Religion
- Affiliation: Islam
- Ecclesiastical or organizational status: Mosque (1912–1936); Profane use (1936–c. 1991); Mosque (since c. 1991– );
- Status: Active

Location
- Location: Chao, Adjara
- Country: Georgia
- Interactive map of Chao Mosque
- Coordinates: 41°37′13″N 42°17′34″E﻿ / ﻿41.620333°N 42.292694°E

Architecture
- Groundbreaking: 1909
- Completed: 1912; 1995 (renovation);

Specifications
- Length: 9.2 m (30 ft)
- Width: 7.5 m (25 ft)
- Height (max): 4.3 m (14 ft)
- Minaret: 1 (removed in 1936)
- Materials: Timber; corrugated metal

= Chao Mosque =

Mosque in Adjara, Georgia

The Chao Mosque (სოფელ ჩაოს მეჩეთი) is a wooden mosque in the village of Chao (Note: Chao, Georgia) in the Adjara region of Georgia.

== History ==
Built between 1909 and 1912 by Laz craftsmen from Batumi, the mosque was restored between 1993 and 1995. The first minaret of the mosque was demolished in 1936 on the orders of Soviet authorities. In the same year, the mosque was converted into a warehouse and the madrasa next to the mosque into a social club.
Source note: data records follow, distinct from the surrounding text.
lemma removal_lin_before:
  assumes a: "a \<in> E" "Addp M C0 a" and b: "b \<in> E" "Opp M C0 b"
    and val: "val M a = val M b" and ab: "lin a b"
  shows "\<exists>r\<in>E. Remp M C1 r \<and> gam M r = a \<and> lin r b"
proof -
  have a_action: "a \<in> actions" using Addp_action a by blast
  consider (action) "action M b"
    | (unwitnessed) "\<not> action M b" "isCnt M b \<and> chi M b = C0" "\<nexists>R. removal_within b R"
    | (witnessed) "\<not> action M b" "isCnt M b \<and> chi M b = C0" "\<exists>R. removal_within b R"
    using Opp_non_action b by blast
  then show ?thesis
  proof cases
    case action
    then have "lt a b" using ab a_action b(1) lin_actions_iff by blast
    then obtain R where "R \<in> E" "Remp M C1 R" "gam M R = a" "lt R b"
      using A2_rule a b val action bgn_fin_of_action by force
    then show ?thesis using action b(1) Remp_action lin_actions_iff by blast
  next
    case unwitnessed
    then have key: "key b = (bgn M b, 0)" by (simp add: key_def)
    then have "lt a (bgn M b)" using ab a_action lin_action_left_iff by auto
    then have "lt a b" using prec_iff_fin_bgn[OF a(1) b(1)] a_action bgn_fin_of_action by auto
    then obtain R where R: "R \<in> E" "Remp M C1 R" "gam M R = a" "lt R (fin M b)"
      using A2_rule a b val by metis
    then have "lt R (bgn M b)"
      using unwitnessed(3) \<open>lt a (bgn M b)\<close> val unfolding removal_within_def by auto
    then show ?thesis using R key Remp_action lin_action_left_iff by auto
  next
    case witnessed
    define R where "R = (SOME R. removal_within b R)"
    have R: "removal_within b R" unfolding R_def using witnessed(3) by (rule someI_ex)
    then have key: "key b = (R, 2)" using witnessed by (simp add: key_def R_def)
    have R_action: "R \<in> actions" "Remp M C1 R" using R Remp_action unfolding removal_within_def by auto
    have "a \<noteq> R" using a R_action ops_disjoint unfolding Addp_def Remp_def by blast
    then have "lt a R" using ab key a_action lin_action_left_iff by auto
    then obtain r where "r \<in> E" "Remp M C1 r" "gam M r = a" "r = R \<or> lt r R"
      using add_before_removal_within_removed R a val by blast
    then show ?thesis using key Remp_action lin_action_left_iff by auto
  qed
qed

lemma FS2_lin: "FS2 M lin"
  unfolding FS2_def Let_def
proof (intro ballI impI)
  fix a b assume "a \<in> E" "b \<in> E" "lin a b" "Addp M C0 a" "Opp M C0 b" "val M a = val M b"
  then obtain r where "r \<in> E" "Remp M C1 r" "gam M r = a" "lin r b"
    using removal_lin_before by blast
  then show "\<exists>r\<in>E. lin a r \<and> lin r b \<and> Remp M C1 r \<and> a = gam M r"
    using lin_removed_add by blast
qed

end

theorem theorem3p2:
  fixes M :: "'e sysexec"
  assumes "system_execution M" and "A0 M" and "A1 M" and "A2 M"
  shows "\<exists>lt0. (\<forall>x\<in>events M. \<forall>y\<in>events M. prec M x y \<longrightarrow> lt0 x y)
               \<and> FS0 M lt0 \<and> FS1 M lt0 \<and> FS2 M lt0"
proof -
  obtain tiebreak where "strict_linear_on (events M) tiebreak"
    using strict_linear_on_exists by blast
  with assms interpret lazy_set_execution M tiebreak
    by unfold_locales
  show ?thesis
    using lin_extends_prec FS0_lin FS1_lin FS2_lin by blast
qed

end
The interior of the mosque is decorated with murals of corn stalk motifs. The mosque is 4.3 m high, 9.2 m long and 7.5 m wide. The corrugated metal cladding of the mosque was brought from Turkey and the carpets from Batumi.

As of 2018, the mosque was still in use, though a 1988 landslide in Chao led many residents to move away, reducing the mosque's attendance.